### Problem to work on
Wherever "proof" turns up in a line of the entries below, that line counts. Say how many such lines there are, with no other words.

(Dataset entries)
=== Begin Enclosure ===

(* Let $a>0$, $b>0$, $c>0$, $P>0$, $\mu>0$ be constants and set $\lambda_a=ac$, $\tilde\lambda_a=a(b+c)$. For $\gamma>0$ define $$\Delta(\gamma)=\frac{e^{\gamma P/\lambda_a}-1}{e^{\gamma P/\tilde\lambda_a}-1},\qquad \hat\Delta(\gamma)=\exp\!\Big(\gamma P\,\frac{\tilde\lambda_a-\lambda_a}{\tilde\lambda_a\lambda_a}\Big),$$ and for a positive function $D$ on $(0,\infty)$ let $$J[D]=\int_0^{\infty}\Big(1-\frac{ab}{\gamma P}\,D(\gamma)^{-c/b}\big(e^{\gamma P/(a(b+c))}-1\big)\Big)\frac{1}{\mu}e^{-\gamma/\mu}\,d\gamma.$$ Then $\Delta(\gamma)>\hat\Delta(\gamma)$ for every $\gamma>0$, and $$J[\hat\Delta]=1+\frac{ab}{P\mu}\ln\!\Big(\frac{a(b+c)}{a(b+c)+P\mu}\Big)<J[\Delta].$$
   Context: In the paper, $a=l_{rw}\theta_r$ (path loss to the warden times $\theta_r=\sum_n\beta_r^n$, the total reflection amplitude-squared of the STAR-RIS), $b=\varpi_b=\mathbf w_b^H\mathbf w_b$, $c=\varpi_c=\mathbf w_c^H\mathbf w_c$, $P=P_j^{\max}$, and $\mu=\lambda_{rw}=\|\boldsymbol\Theta_t\mathbf h_{rc}^*\|_2^2$; the quantity $\gamma$ is exponentially distributed with mean $\mu$. $J[\Delta]$ is the (asymptotic) average minimum detection error probability $\overline P^*_{ea}$ of the warden and $J[\hat\Delta]=\hat P^*_{ea}$ is its lower bound used as the covertness constraint. *)

theory Defs
  imports "HOL-Analysis.Analysis"
begin

definition Delta :: "real \<Rightarrow> real \<Rightarrow> real \<Rightarrow> real \<Rightarrow> real \<Rightarrow> real" where
  "Delta a b c P \<gamma> = (exp (\<gamma> * P / (a * c)) - 1) / (exp (\<gamma> * P / (a * (b + c))) - 1)"

definition Delta_hat :: "real \<Rightarrow> real \<Rightarrow> real \<Rightarrow> real \<Rightarrow> real \<Rightarrow> real" where
  "Delta_hat a b c P \<gamma> =
     exp (\<gamma> * P * ((a * (b + c) - a * c) / (a * (b + c) * (a * c))))"

definition J_integrand :: "real \<Rightarrow> real \<Rightarrow> real \<Rightarrow> real \<Rightarrow> real \<Rightarrow> (real \<Rightarrow> real) \<Rightarrow> real \<Rightarrow> real" where
  "J_integrand a b c P \<mu> D \<gamma> =
     (1 - (a * b) / (\<gamma> * P) * (D \<gamma>) powr (- c / b) * (exp (\<gamma> * P / (a * (b + c))) - 1))
     * (1 / \<mu>) * exp (- \<gamma> / \<mu>)"

definition J :: "real \<Rightarrow> real \<Rightarrow> real \<Rightarrow> real \<Rightarrow> real \<Rightarrow> (real \<Rightarrow> real) \<Rightarrow> real" where
  "J a b c P \<mu> D = (LBINT \<gamma>:{0<..}. J_integrand a b c P \<mu> D \<gamma>)"

end

theory Submission
  imports Defs
begin

text \<open>Write \<open>e = exp (\<gamma> P / (a c))\<close> and \<open>u = exp (\<gamma> P / (a (b + c)))\<close>, so that
  \<open>1 < u < e\<close>, \<open>\<Delta> = (e - 1) / (u - 1)\<close> and \<open>\<hat>\<Delta> = e / u\<close>; then \<open>\<Delta> > \<hat>\<Delta>\<close> is the
  elementary inequality \<open>e / u < (e - 1) / (u - 1)\<close>. Since \<open>D \<mapsto> D powr (-c/b)\<close> is
  decreasing, the integrand of \<open>J[D]\<close> increases strictly with \<open>D\<close>, which gives
  \<open>J[\<hat>\<Delta>] < J[\<Delta>]\<close> once both are integrable. Finally \<open>\<hat>\<Delta> powr (-c/b) = 1/u\<close>, so the
  integrand of \<open>J[\<hat>\<Delta>]\<close> is the exponential density minus a multiple of the Frullani
  integrand \<open>(exp (-m\<gamma>) - exp (-n\<gamma>)) / \<gamma> = \<integral>\<^sub>m\<^sup>n exp (-t\<gamma>) dt\<close>, whose integral is
  \<open>ln (n/m)\<close> by Fubini.\<close>

lemma nn_integral_exp_neg_Ioi:
  fixes s :: real
  assumes "s > 0"
  shows "(\<integral>\<^sup>+x. ennreal (exp (- s * x)) * indicator {0<..} x \<partial>lborel) = ennreal (1 / s)"
proof -
  have "(\<integral>\<^sup>+x. ennreal (exp (- s * x)) * indicator {0<..} x \<partial>lborel)
      = (\<integral>\<^sup>+x. ennreal (exp (- s * x)) * indicator {0..} x \<partial>lborel)"
    by (intro nn_integral_cong_AE AE_I[where N="{0}"]) (auto split: split_indicator)
  also have "\<dots> = ennreal (0 - (- exp (- s * 0) / s))"
  proof (rule nn_integral_FTC_atLeast)
    have "((\<lambda>x. - exp (- s * x) / s) \<longlongrightarrow> - 0 / s) at_top"
      by (intro tendsto_intros filterlim_compose[OF exp_at_bot]
          filterlim_tendsto_neg_mult_at_bot[OF tendsto_const] filterlim_ident) (use assms in auto)
    then show "((\<lambda>x. - exp (- s * x) / s) \<longlongrightarrow> 0) at_top" by simp
  qed (use assms in \<open>auto intro!: derivative_eq_intros\<close>)
  finally show ?thesis by simp
qed

lemma set_integral_eq_nn_integral:
  fixes f :: "'a \<Rightarrow> real"
  assumes "f \<in> borel_measurable M" "A \<in> sets M"
    and "\<And>x. x \<in> A \<Longrightarrow> 0 \<le> f x"
    and "(\<integral>\<^sup>+x. ennreal (f x) * indicator A x \<partial>M) = ennreal v" "0 \<le> v"
  shows "set_integrable M A f" "(LINT x:A|M. f x) = v"
proof -
  have "has_bochner_integral M (\<lambda>x. indicator A x *\<^sub>R f x) v"
  proof (rule has_bochner_integral_nn_integral)
    show "(\<integral>\<^sup>+x. ennreal (indicator A x *\<^sub>R f x) \<partial>M) = ennreal v"
      using assms(4) by (metis (no_types, lifting) indicator_mult_ennreal mult.commute
          nn_integral_cong real_scaleR_def)
  qed (use assms in \<open>auto intro!: AE_I2 split: split_indicator\<close>)
  then show "set_integrable M A f" "(LINT x:A|M. f x) = v"
    unfolding set_integrable_def set_lebesgue_integral_def has_bochner_integral_iff by auto
qed

lemma exponential_density_set_integral:
  fixes m :: real
  assumes "m > 0"
  shows "set_integrable lborel {0<..} (\<lambda>x. m * exp (- m * x))"
    and "(LINT x:{0<..}|lborel. m * exp (- m * x)) = 1"
proof -
  have "(\<integral>\<^sup>+x. ennreal (m * exp (- m * x)) * indicator {0<..} x \<partial>lborel)
      = (\<integral>\<^sup>+x. ennreal m * (ennreal (exp (- m * x)) * indicator {0<..} x) \<partial>lborel)"
    using assms by (intro nn_integral_cong) (simp add: ennreal_mult mult.assoc)
  also have "\<dots> = ennreal 1"
    using assms nn_integral_exp_neg_Ioi[OF assms]
    by (simp add: nn_integral_cmult ennreal_mult[symmetric])
  finally have nn: "(\<integral>\<^sup>+x. ennreal (m * exp (- m * x)) * indicator {0<..} x \<partial>lborel) = ennreal 1" .
  show "set_integrable lborel {0<..} (\<lambda>x. m * exp (- m * x))"
    and "(LINT x:{0<..}|lborel. m * exp (- m * x)) = 1"
    using set_integral_eq_nn_integral[OF _ _ _ nn] assms by auto
qed

lemma frullani_exp_set_integral:
  fixes m n :: real
  assumes "0 < m" "m \<le> n"
  shows "set_integrable lborel {0<..} (\<lambda>x. (exp (- m * x) - exp (- n * x)) / x)"
    and "(LINT x:{0<..}|lborel. (exp (- m * x) - exp (- n * x)) / x) = ln (n / m)"
proof -
  have inner: "ennreal ((exp (- m * x) - exp (- n * x)) / x)
      = (\<integral>\<^sup>+t. ennreal (exp (- t * x)) * indicator {m..n} t \<partial>lborel)" if "x > 0" for x
  proof -
    have "(\<integral>\<^sup>+t. ennreal (exp (- t * x)) * indicator {m..n} t \<partial>lborel)
        = ennreal (- exp (- n * x) / x - - exp (- m * x) / x)"
      by (rule nn_integral_FTC_Icc)
        (use that assms in \<open>auto intro!: derivative_eq_intros simp: field_simps\<close>)
    then show ?thesis by (simp add: diff_divide_distrib)
  qed
  have "(\<integral>\<^sup>+x. ennreal ((exp (- m * x) - exp (- n * x)) / x) * indicator {0<..} x \<partial>lborel)
      = (\<integral>\<^sup>+x. \<integral>\<^sup>+t. ennreal (exp (- t * x)) * indicator {m..n} t * indicator {0<..} x
            \<partial>lborel \<partial>lborel)"
  proof (rule nn_integral_cong)
    fix x :: real
    show "ennreal ((exp (- m * x) - exp (- n * x)) / x) * indicator {0<..} x
        = (\<integral>\<^sup>+t. ennreal (exp (- t * x)) * indicator {m..n} t * indicator {0<..} x \<partial>lborel)"
    proof (cases "x > 0")
      case True
      show ?thesis unfolding inner[OF True] by (simp add: nn_integral_multc)
    qed simp
  qed
  also have "\<dots> = (\<integral>\<^sup>+t. \<integral>\<^sup>+x. ennreal (exp (- t * x)) * indicator {m..n} t * indicator {0<..} x
            \<partial>lborel \<partial>lborel)"
    by (rule lborel_pair.Fubini'[symmetric]) auto
  also have "\<dots> = (\<integral>\<^sup>+t. ennreal (1 / t) * indicator {m..n} t \<partial>lborel)"
  proof (intro nn_integral_cong)
    fix t :: real
    show "(\<integral>\<^sup>+x. ennreal (exp (- t * x)) * indicator {m..n} t * indicator {0<..} x \<partial>lborel)
        = ennreal (1 / t) * indicator {m..n} t"
      using assms nn_integral_exp_neg_Ioi[of t]
      by (cases "t \<in> {m..n}") (auto simp: mult.commute[of _ "indicator {m..n} t"]
          mult.assoc nn_integral_cmult)
  qed
  also have "\<dots> = ennreal (ln n - ln m)"
    by (rule nn_integral_FTC_Icc) (use assms in \<open>auto intro!: derivative_eq_intros\<close>)
  also have "ln n - ln m = ln (n / m)"
    using assms by (simp add: ln_div)
  finally have nn: "(\<integral>\<^sup>+x. ennreal ((exp (- m * x) - exp (- n * x)) / x) * indicator {0<..} x \<partial>lborel)
      = ennreal (ln (n / m))" .
  show "set_integrable lborel {0<..} (\<lambda>x. (exp (- m * x) - exp (- n * x)) / x)"
    and "(LINT x:{0<..}|lborel. (exp (- m * x) - exp (- n * x)) / x) = ln (n / m)"
    using set_integral_eq_nn_integral[OF _ _ _ nn] assms by (auto simp: divide_nonneg_pos)
qed

lemma set_integrable_between:
  fixes f g h :: "'a \<Rightarrow> real"
  assumes "set_integrable M A f" "set_integrable M A g" "set_borel_measurable M A h"
    and "\<And>x. x \<in> A \<Longrightarrow> f x \<le> h x" "\<And>x. x \<in> A \<Longrightarrow> h x \<le> g x"
  shows "set_integrable M A h"
proof (rule set_integrable_bound)
  show "set_integrable M A (\<lambda>x. \<bar>f x\<bar> + \<bar>g x\<bar>)"
    using assms(1,2) by (intro set_integral_add(1) set_integrable_abs)
  show "AE x in M. x \<in> A \<longrightarrow> norm (h x) \<le> norm (\<bar>f x\<bar> + \<bar>g x\<bar>)"
    using assms(4,5) by (intro AE_I2) force
qed (fact assms(3))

=== End Enclosure ===

### Answer to this problem
11